Classical molecular dynamic simulations of the EGFR receptor and in a ligand-bound state (with gefitinib) were performed using the GROMACS 4.5 package21. The GROMOS43A1 force field22 was adopted to analyze the ligand-bound dynamics; the ligand force fields were provided by the PRODRG program23. The protein-ligand complex structure was solvated in a triclinic water box under periodic boundary conditions using a 1.0 nm minimum distance from the protein to the box faces and neutralizing the system using two Cl ions added to the solvent. The final systems consisted of approximately 25,000 atoms. Following the steepest descent minimization, the systems were equilibrated in the canonical ensemble (under NVT conditions for 500 ps at 300 K) and, subsequently, in the isothermal–isobaric ensemble (under NPT conditions for 500 ps) by applying position restraints to the protein. Lastly, all the restraints were removed and 50 ns molecular dynamic runs were performed twice under NPT conditions at 300 K. To maintain constant pressure (1 atm), (isotropic coordinates scaling), the Parrinello-Rahmanbarostat24 was used with a relaxation time of 2.0 ps. Van der Waals interactions were modeled using 6–12 Lennard-Jones potentials, with a 1.4 nm cut-off. The long-range electrostatic interactions were calculated using the PME method, with a cut-off for the real space term of 0.9 nm. Covalent bonds were constrained using the LINCS algorithm. The time step employed was 2 fs and the coordinates were saved every 2 ps for analysis, which was performed using standard GROMACS tools.
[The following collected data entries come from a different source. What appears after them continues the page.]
lemma cx_state_Delta:
  assumes st: "alg_state n m \<mu>" and x: "x \<in> mspace mX"
  shows "cx_state mX n m (Delta mX n m \<mu> x)"
  unfolding cx_state_def
proof (intro conjI ballI allI impI)
  fix a b assume a: "a \<in> CXA mX n m" and b: "b \<in> CXA mX n m"
  show "Delta mX n m \<mu> x (fadd a b) = Delta mX n m \<mu> x a + Delta mX n m \<mu> x b"
    using Delta_apply[OF CXA_fadd[OF a b]] a b x
    by (simp add: Delta_apply fadd_def alg_state_add[OF st] CXA_carrier)
  fix c
  show "Delta mX n m \<mu> x (fscale c a) = c * Delta mX n m \<mu> x a"
    using Delta_apply[OF CXA_fscale[OF a]] a x
    by (simp add: Delta_apply fscale_def alg_state_scale[OF st] CXA_carrier)
next
  fix a assume a: "a \<in> CXA mX n m"
  have "\<mu> (alg_mult m (alg_star (a x)) (a x)) \<in> \<real> \<and> 0 \<le> Re (\<mu> (alg_mult m (alg_star (a x)) (a x)))"
    using st a x by (simp add: alg_state_def CXA_def)
  then have "Delta mX n m \<mu> x (fmult m (fstar a) a) \<in> \<real> \<and>
             0 \<le> Re (Delta mX n m \<mu> x (fmult m (fstar a) a))"
    by (auto simp: Delta_def fmult_def fstar_def)
  then show "Delta mX n m \<mu> x (fmult m (fstar a) a) \<in> \<real>"
    and "0 \<le> Re (Delta mX n m \<mu> x (fmult m (fstar a) a))" by auto
next
  have "Delta mX n m \<mu> x (fone mX n m) = \<mu> (fone mX n m x)"
    by (rule Delta_apply[OF CXA_fone])
  then show "Delta mX n m \<mu> x (fone mX n m) = 1"
    using x by (simp add: fone_def alg_state_one[OF st])
qed (simp add: Delta_def)

lemma continuous_map_alg_state_comp:
  assumes st: "alg_state n m \<mu>" and a: "a \<in> CXA mX n m"
  shows "continuous_map (mtopology_of mX) euclidean (\<lambda>x. \<mu> (a x))"
proof -
  have "continuous_map (mtopology_of mX) euclidean
          (\<lambda>x. \<Sum>(k, p, q)\<in>alg_index n m. \<mu> (alg_unit k p q) * a x k p q)"
    unfolding case_prod_unfold using a finite_alg_index
    by (intro continuous_map_sum continuous_map_complex_mult_left)
       (auto simp: CXA_iff_continuous_entries)
  then show ?thesis
    by (rule continuous_map_eq)
       (use a in \<open>simp add: alg_state_expansion[OF st] CXA_def mult.commute\<close>)
qed

lemma topspace_weakstar: "topspace (weakstar mX n m) = {\<nu>. cx_state mX n m \<nu>}"
  unfolding weakstar_def topology_generated_by_topspace using CXA_fone by blast

lemma openin_weakstar:
  "a \<in> CXA mX n m \<Longrightarrow> open U \<Longrightarrow> openin (weakstar mX n m) {\<nu>. cx_state mX n m \<nu> \<and> \<nu> a \<in> U}"
  unfolding weakstar_def by (rule topology_generated_by_Basis) blast

lemma Hausdorff_space_weakstar: "Hausdorff_space (weakstar mX n m)"
  unfolding Hausdorff_space_def topspace_weakstar
proof (clarify)
  fix \<nu> \<nu>' assume st: "cx_state mX n m \<nu>" "cx_state mX n m \<nu>'" and "\<nu> \<noteq> \<nu>'"
  then obtain a where "\<nu> a \<noteq> \<nu>' a" by (auto simp: fun_eq_iff)
  have a: "a \<in> CXA mX n m"
  proof (rule ccontr)
    assume "a \<notin> CXA mX n m"
    with st have "\<nu> a = 0" "\<nu>' a = 0" by (simp_all add: cx_state_def)
    with \<open>\<nu> a \<noteq> \<nu>' a\<close> show False by simp
  qed
  obtain U V where "open U" "open V" "\<nu> a \<in> U" "\<nu>' a \<in> V" "U \<inter> V = {}"
    using hausdorff[OF \<open>\<nu> a \<noteq> \<nu>' a\<close>] by blast
  show "\<exists>U V. openin (weakstar mX n m) U \<and> openin (weakstar mX n m) V \<and>
                   \<nu> \<in> U \<and> \<nu>' \<in> V \<and> disjnt U V"
  proof (intro exI conjI)
    show "openin (weakstar mX n m) {\<nu>. cx_state mX n m \<nu> \<and> \<nu> a \<in> U}"
      by (rule openin_weakstar[OF a \<open>open U\<close>])
    show "openin (weakstar mX n m) {\<nu>. cx_state mX n m \<nu> \<and> \<nu> a \<in> V}"
      by (rule openin_weakstar[OF a \<open>open V\<close>])
    show "disjnt {\<nu>. cx_state mX n m \<nu> \<and> \<nu> a \<in> U} {\<nu>. cx_state mX n m \<nu> \<and> \<nu> a \<in> V}"
      using \<open>U \<inter> V = {}\<close> by (auto simp: disjnt_def)
  qed (use st \<open>\<nu> a \<in> U\<close> \<open>\<nu>' a \<in> V\<close> in auto)
qed

lemma continuous_map_Delta:
  assumes st: "alg_state n m \<mu>"
  shows "continuous_map (mtopology_of mX) (weakstar mX n m) (Delta mX n m \<mu>)"
  unfolding weakstar_def
proof (rule continuous_on_generated_topo)
  fix V assume "V \<in> {{\<nu>. cx_state mX n m \<nu> \<and> \<nu> a \<in> U} | a U. a \<in> CXA mX n m \<and> open U}"
  then obtain a U where a: "a \<in> CXA mX n m" and "open U"
    and V: "V = {\<nu>. cx_state mX n m \<nu> \<and> \<nu> a \<in> U}" by blast
  have "Delta mX n m \<mu> x \<in> V \<longleftrightarrow> \<mu> (a x) \<in> U" if "x \<in> mspace mX" for x
    using cx_state_Delta[OF st that] by (simp add: V Delta_apply[OF a])
  then have "Delta mX n m \<mu> -` V \<inter> topspace (mtopology_of mX)
      = {x \<in> topspace (mtopology_of mX). \<mu> (a x) \<in> U}"
    unfolding topspace_mtopology_of by blast
  moreover have "openin euclidean U"
    using \<open>open U\<close> by simp
  ultimately show "openin (mtopology_of mX) (Delta mX n m \<mu> -` V \<inter> topspace (mtopology_of mX))"
    using openin_continuous_map_preimage[OF continuous_map_alg_state_comp[OF st a]] by simp
next
  show "Delta mX n m \<mu> ` topspace (mtopology_of mX)
      \<subseteq> \<Union> {{\<nu>. cx_state mX n m \<nu> \<and> \<nu> a \<in> U} | a U. a \<in> CXA mX n m \<and> open U}"
  proof -
    have "Delta mX n m \<mu> ` topspace (mtopology_of mX) \<subseteq> topspace (weakstar mX n m)"
      by (auto simp: topspace_weakstar cx_state_Delta[OF st])
    then show ?thesis
      by (simp add: weakstar_def topology_generated_by_topspace)
  qed
qed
Principal component analysis

The trajectory of an MD simulation was utilized to identify the motions of the native and mutant EGFR models. We used principal component analysis to extract the principal modes involved in the motion of the protein molecule25. A covariance matrix was assembled using a simple linear transformation in Cartesian coordinate space. A vectorial depiction of every single component of the motion indicates the direction of motion. For this, a set of eigenvectors was derived through the diagonalization of the covariance matrix. Each eigenvector has a corresponding eigenvalue that describes the energetic contribution of each component to the motion26. The protein regions that are responsible for the most significant collective motions can be acknowledged through PCA. The GROMACS inbuilt tool g_covar & g_anaeig was used to perform PCA.

Molecular imaging & MD analysis

All the protein structural visualizations were performed using Pymol (DeLano 2002). The trajectories were analyzed using the integral tools in the GROMACS distribution. A further secondary structure analysis was performed using the DSSP program27. All the graphical displays were generated using the XMgrace program.